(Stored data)
=== Section Start ===

lemma unit_decomposition_perp:
  assumes "norm x0 = 1" and "norm x = 1" and "cdot e x0 = 0" and "norm e = 1"
  obtains \<beta> xp where "cdot xp x0 = 0" and "norm xp = 1"
    and "x = cdot x0 x *s x0 + \<beta> *\<^sub>R xp" and "(cmod (cdot x0 x))\<^sup>2 + \<beta>\<^sup>2 = 1"
proof -
  define \<alpha> where "\<alpha> = cdot x0 x"
  define r where "r = x - \<alpha> *s x0"
  have "cdot x0 r = 0"
    using \<open>norm x0 = 1\<close> by (simp add: r_def \<alpha>_def cdot_diff_right cdot_smult_right cdot_self)
  then have r_perp: "cdot r x0 = 0" by (metis cnj_cdot complex_cnj_zero)
  have "1 = (norm (\<alpha> *s x0 + r))\<^sup>2" using \<open>norm x = 1\<close> by (simp add: r_def)
  also have "\<dots> = (norm (\<alpha> *s x0))\<^sup>2 + (norm r)\<^sup>2"
    using \<open>cdot x0 r = 0\<close> by (intro norm_add_Pythagorean) (simp add: orthogonal_def inner_eq_Re_cdot cdot_smult_left)
  also have "\<dots> = (cmod \<alpha>)\<^sup>2 + (norm r)\<^sup>2"
    using \<open>norm x0 = 1\<close> by (simp add: norm_smult_vec)
  finally have pyth: "(cmod \<alpha>)\<^sup>2 + (norm r)\<^sup>2 = 1" ..
  show ?thesis
  proof (cases "r = 0")
    case True
    then show ?thesis
      using that[of e 0] assms pyth by (simp add: r_def \<alpha>_def)
  next
    case False
    show ?thesis
    proof (rule that[of "(1 / norm r) *\<^sub>R r" "norm r"])
      show "x = cdot x0 x *s x0 + norm r *\<^sub>R (1 / norm r) *\<^sub>R r"
        using False by (simp add: r_def \<alpha>_def)
    qed (use False r_perp pyth in \<open>simp_all add: cdot_scaleR_left \<alpha>_def\<close>)
  qed
qed

text \<open>The remainders of \<open>x0\<close> and \<open>xp\<close> after projecting onto the eigenvector \<open>x\<close> are
  both multiples of \<open>u = \<beta> x0 - cnj \<alpha> xp\<close>, so the form splits into a part on \<open>x\<close>
  and a common part on \<open>u\<close>.\<close>

lemma quad_form_perp_component_le:
  assumes min: "quad_form_minimizer a I x" and "norm x0 = 1"
    and "cdot xp x0 = 0" and "norm xp = 1"
    and x: "x = \<alpha> *s x0 + \<beta> *\<^sub>R xp" and pyth: "(cmod \<alpha>)\<^sup>2 + \<beta>\<^sup>2 = 1"
  shows "\<beta>\<^sup>2 * quad_form a I xp \<le> quad_form a I x0"
proof -
  define u where "u = \<beta> *\<^sub>R x0 - cnj \<alpha> *s xp"
  have "cdot x0 xp = 0" using \<open>cdot xp x0 = 0\<close> by (metis cnj_cdot complex_cnj_zero)
  have cc: "cnj \<alpha> * \<alpha> + of_real \<beta> * of_real \<beta> = 1"
    using pyth by (metis complex_norm_square mult.commute of_real_1 of_real_add of_real_mult power2_eq_square)
  have "cdot x u = 0"
    using \<open>cdot xp x0 = 0\<close> \<open>cdot x0 xp = 0\<close> \<open>norm x0 = 1\<close> \<open>norm xp = 1\<close>
    by (simp add: x u_def cdot_add_left cdot_diff_right cdot_smult_left cdot_smult_right
        cdot_scaleR_left cdot_scaleR_right cdot_self algebra_simps)
  have x0: "x0 = cnj \<alpha> *s x + \<beta> *\<^sub>R u"
  proof -
    have "(cnj \<alpha> *s x + \<beta> *\<^sub>R u) $ k = (cnj \<alpha> * \<alpha> + of_real \<beta> * of_real \<beta>) * x0 $ k" for k
      by (simp add: x u_def scaleR_conv_of_real[where 'a = complex] algebra_simps)
    then show ?thesis by (simp add: cc vec_eq_iff)
  qed
  have xp: "xp = of_real \<beta> *s x + (- \<alpha>) *s u"
  proof -
    have "(of_real \<beta> *s x + (- \<alpha>) *s u) $ k = (cnj \<alpha> * \<alpha> + of_real \<beta> * of_real \<beta>) * xp $ k" for k
      by (simp add: x u_def scaleR_conv_of_real[where 'a = complex] algebra_simps)
    then show ?thesis by (simp add: cc vec_eq_iff)
  qed
  have "cdot x (\<beta> *\<^sub>R u) = 0" and "cdot x ((- \<alpha>) *s u) = 0"
    using \<open>cdot x u = 0\<close> by (simp_all only: cdot_scaleR_right cdot_smult_right mult_zero_right)
  then have "quad_form a I (cnj \<alpha> *s x + \<beta> *\<^sub>R u)
      = (cmod (cnj \<alpha>))\<^sup>2 * quad_form a I x + quad_form a I (\<beta> *\<^sub>R u)"
    and "quad_form a I (of_real \<beta> *s x + (- \<alpha>) *s u)
      = (cmod (of_real \<beta>))\<^sup>2 * quad_form a I x + quad_form a I ((- \<alpha>) *s u)"
    by (simp_all only: quad_form_minimizer_add_perp[OF min])
  then have "quad_form a I x0 = (cmod (cnj \<alpha>))\<^sup>2 * quad_form a I x + quad_form a I (\<beta> *\<^sub>R u)"
    and "quad_form a I xp = (cmod (of_real \<beta>))\<^sup>2 * quad_form a I x + quad_form a I ((- \<alpha>) *s u)"
    by (simp_all only: flip: x0 xp)
  then have Q_x0: "quad_form a I x0 = (cmod \<alpha>)\<^sup>2 * quad_form a I x + \<beta>\<^sup>2 * quad_form a I u"
    and Q_xp: "quad_form a I xp = \<beta>\<^sup>2 * quad_form a I x + (cmod \<alpha>)\<^sup>2 * quad_form a I u"
    by (simp_all only: quad_form_scaleR quad_form_smult norm_minus_cancel complex_mod_cnj
        norm_of_real power2_abs)
  define l q where "l = quad_form a I x" and "q = quad_form a I u"
  have A: "(cmod \<alpha>)\<^sup>2 = 1 - \<beta>\<^sup>2" using pyth by simp
  have "l \<le> quad_form a I x0"
    using min \<open>norm x0 = 1\<close> by (simp add: quad_form_minimizer_def l_def)
  then have "\<beta>\<^sup>2 * l \<le> \<beta>\<^sup>2 * q" by (simp add: Q_x0 A l_def q_def algebra_simps)
  then have "\<beta>\<^sup>2 * (\<beta>\<^sup>2 * l) \<le> \<beta>\<^sup>2 * (\<beta>\<^sup>2 * q)" by (rule mult_left_mono) simp
  moreover have "0 \<le> (cmod \<alpha>)\<^sup>2 * l" by (simp add: l_def quad_form_nonneg)
  ultimately show ?thesis
    unfolding Q_x0 Q_xp l_def[symmetric] q_def[symmetric] A by (simp add: algebra_simps)
qed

=== Section End ===

**Directions for this task:**
In the entries above, find the line with "define l q where" and the line with "(rule mult_left_mono) simp", then set down exactly those two and every line between them, nothing else.

**Task result:**
  define l q where "l = quad_form a I x" and "q = quad_form a I u"
  have A: "(cmod \<alpha>)\<^sup>2 = 1 - \<beta>\<^sup>2" using pyth by simp
  have "l \<le> quad_form a I x0"
    using min \<open>norm x0 = 1\<close> by (simp add: quad_form_minimizer_def l_def)
  then have "\<beta>\<^sup>2 * l \<le> \<beta>\<^sup>2 * q" by (simp add: Q_x0 A l_def q_def algebra_simps)
  then have "\<beta>\<^sup>2 * (\<beta>\<^sup>2 * l) \<le> \<beta>\<^sup>2 * (\<beta>\<^sup>2 * q)" by (rule mult_left_mono) simp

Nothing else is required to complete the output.